(What to do) Give back the lines of the records exactly, starting at the first and ending at the one with "diag_sum A \<alpha>".

[[ Listed entries, beginning ]]

text \<open>Solving \<open>homological_op \<beta> = A - part_free_of_x012 A\<close> coefficientwise is a first-order
  recursion along the diagonals \<open>(k + j, a + j, b - j)\<close>; for \<open>k \<ge> 2\<close> it is summed in closed
  form, which is consistent with the recursion at \<open>k = 1\<close> and at \<open>a = 0\<close> exactly because the
  diagonal sums \<open>subst_coeff (Dx A)\<close> vanish.\<close>
definition solution_coeff :: "nat \<Rightarrow> ((nat \<Rightarrow> nat) \<Rightarrow> complex) \<Rightarrow> (nat \<Rightarrow> nat) \<Rightarrow> complex" where
  "solution_coeff n A \<alpha> =
    (if \<alpha> \<notin> multi_idx n then 0
     else if \<alpha> 0 = 0 then A (set012 \<alpha> 0 (\<alpha> 1 + 1) (\<alpha> 2))
     else if \<alpha> 0 = 1 then (if \<alpha> 1 = 0 then A (set012 \<alpha> 0 0 (\<alpha> 2 + 1)) else 0)
     else - (1 / (of_nat (\<alpha> 0) * of_nat (\<alpha> 0 - 1))) *
       diag_sum A \<alpha> (\<alpha> 0) (\<alpha> 1 + 1) (\<alpha> 2) (Suc (\<alpha> 2)))"
(* Let $\mathcal A$ be a toric arrangement in $T$ equal to its saturation, let $\mathcal F$ be a smooth projective fan compatible with $\mathcal A$, let $\mathcal G$ be a smooth projective refinement of $\mathcal F$, and let $\psi^{\mathcal F}_{\mathcal G}:X_{\mathcal G}\to X_{\mathcal F}$ be the unique $T$-equivariant projective morphism of toric varieties extending the identity of $T$. Then for each layer $\mathcal K_{\Gamma,\phi}\in\mathcal A$, the preimage under $\psi^{\mathcal F}_{\mathcal G}$ of the closure of $\mathcal K_{\Gamma,\phi}$ in $X_{\mathcal F}$ equals the closure of $\mathcal K_{\Gamma,\phi}$ in $X_{\mathcal G}$. (In particular $\mathcal G$ is also compatible with $\mathcal A$.)
   Context: $T$ is a complex algebraic torus with character lattice $X^*(T)$, $V=X_*(T)\otimes\mathbb R$. A layer is $\mathcal K_{\Gamma,\phi}=\{t\in T:\chi(t)=\phi(\chi)\ \forall\chi\in\Gamma\}$, where $\Gamma$ is a split direct summand of $X^*(T)$ and $\phi:\Gamma\to\mathbb C^*$ a homomorphism. A toric arrangement is a finite set of layers; its saturation is the set of all connected components of intersections of its layers, and we assume $\mathcal A$ equals its saturation. For a toric variety, $X_{\mathcal F}$ denotes the smooth projective $T$-toric variety of the smooth projective fan $\mathcal F$. A finite set $\{\chi_1,\dots,\chi_s\}\subset X^*(T)$ has equal sign with respect to $\mathcal F$ if each function $\langle\chi_i,-\rangle$ is either $\ge0$ on $C$ or $\le 0$ on $C$ for every cone $C\in\mathcal F$. $\mathcal F$ is compatible with $\mathcal A$ if for every pair of layers $\mathcal K_{\Gamma,\phi}\subseteq\mathcal K_{\Gamma',\psi}$ in $\mathcal A$ there is an integral basis of $\Gamma$ having equal sign with respect to $\mathcal F$ whose intersection with $\Gamma'$ is a basis of $\Gamma'$ (having equal sign). A refinement $\mathcal G$ of $\mathcal F$ is a fan each of whose cones is contained in a cone of $\mathcal F$ and such that every cone of $\mathcal F$ is a union of cones of $\mathcal G$. *)

theory Defs
  imports "HOL-Analysis.Analysis"
begin

text \<open>We fix an identification T = (C^*)^n given by a basis.
  Characters X^*(T) = Z^n are  int^'n , cocharacters X_*(T) = Z^n are int^'n,
  V = X_*(T) (x) R = real^'n.\<close>

definition torus :: "(complex^'n) set" where
  "torus = {t. \<forall>i. t$i \<noteq> 0}"

definition char_val :: "int^'n \<Rightarrow> complex^'n \<Rightarrow> complex" where
  "char_val chi t = (\<Prod>i\<in>UNIV. (t$i) powi (chi$i))"

definition pairing :: "int^'n \<Rightarrow> real^'n \<Rightarrow> real" where
  "pairing chi v = (\<Sum>i\<in>UNIV. of_int (chi$i) * v$i)"

definition lat_to_real :: "int^'n \<Rightarrow> real^'n" where
  "lat_to_real u = (\<chi> i. of_int (u$i))"

definition lattice_subgroup :: "(int^'n) set \<Rightarrow> bool" where
  "lattice_subgroup G \<longleftrightarrow> 0 \<in> G \<and> (\<forall>a\<in>G. \<forall>b\<in>G. a + b \<in> G \<and> - a \<in> G)"

definition split_summand :: "(int^'n) set \<Rightarrow> bool" where
  "split_summand G \<longleftrightarrow> lattice_subgroup G \<and>
     (\<exists>D. lattice_subgroup D \<and> G \<inter> D = {0} \<and> {a + b |a b. a \<in> G \<and> b \<in> D} = UNIV)"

[[ Listed entries, end ]]

(Written answer)
text \<open>Solving \<open>homological_op \<beta> = A - part_free_of_x012 A\<close> coefficientwise is a first-order
  recursion along the diagonals \<open>(k + j, a + j, b - j)\<close>; for \<open>k \<ge> 2\<close> it is summed in closed
  form, which is consistent with the recursion at \<open>k = 1\<close> and at \<open>a = 0\<close> exactly because the
  diagonal sums \<open>subst_coeff (Dx A)\<close> vanish.\<close>
definition solution_coeff :: "nat \<Rightarrow> ((nat \<Rightarrow> nat) \<Rightarrow> complex) \<Rightarrow> (nat \<Rightarrow> nat) \<Rightarrow> complex" where
  "solution_coeff n A \<alpha> =
    (if \<alpha> \<notin> multi_idx n then 0
     else if \<alpha> 0 = 0 then A (set012 \<alpha> 0 (\<alpha> 1 + 1) (\<alpha> 2))
     else if \<alpha> 0 = 1 then (if \<alpha> 1 = 0 then A (set012 \<alpha> 0 0 (\<alpha> 2 + 1)) else 0)
     else - (1 / (of_nat (\<alpha> 0) * of_nat (\<alpha> 0 - 1))) *
       diag_sum A \<alpha> (\<alpha> 0) (\<alpha> 1 + 1) (\<alpha> 2) (Suc (\<alpha> 2)))"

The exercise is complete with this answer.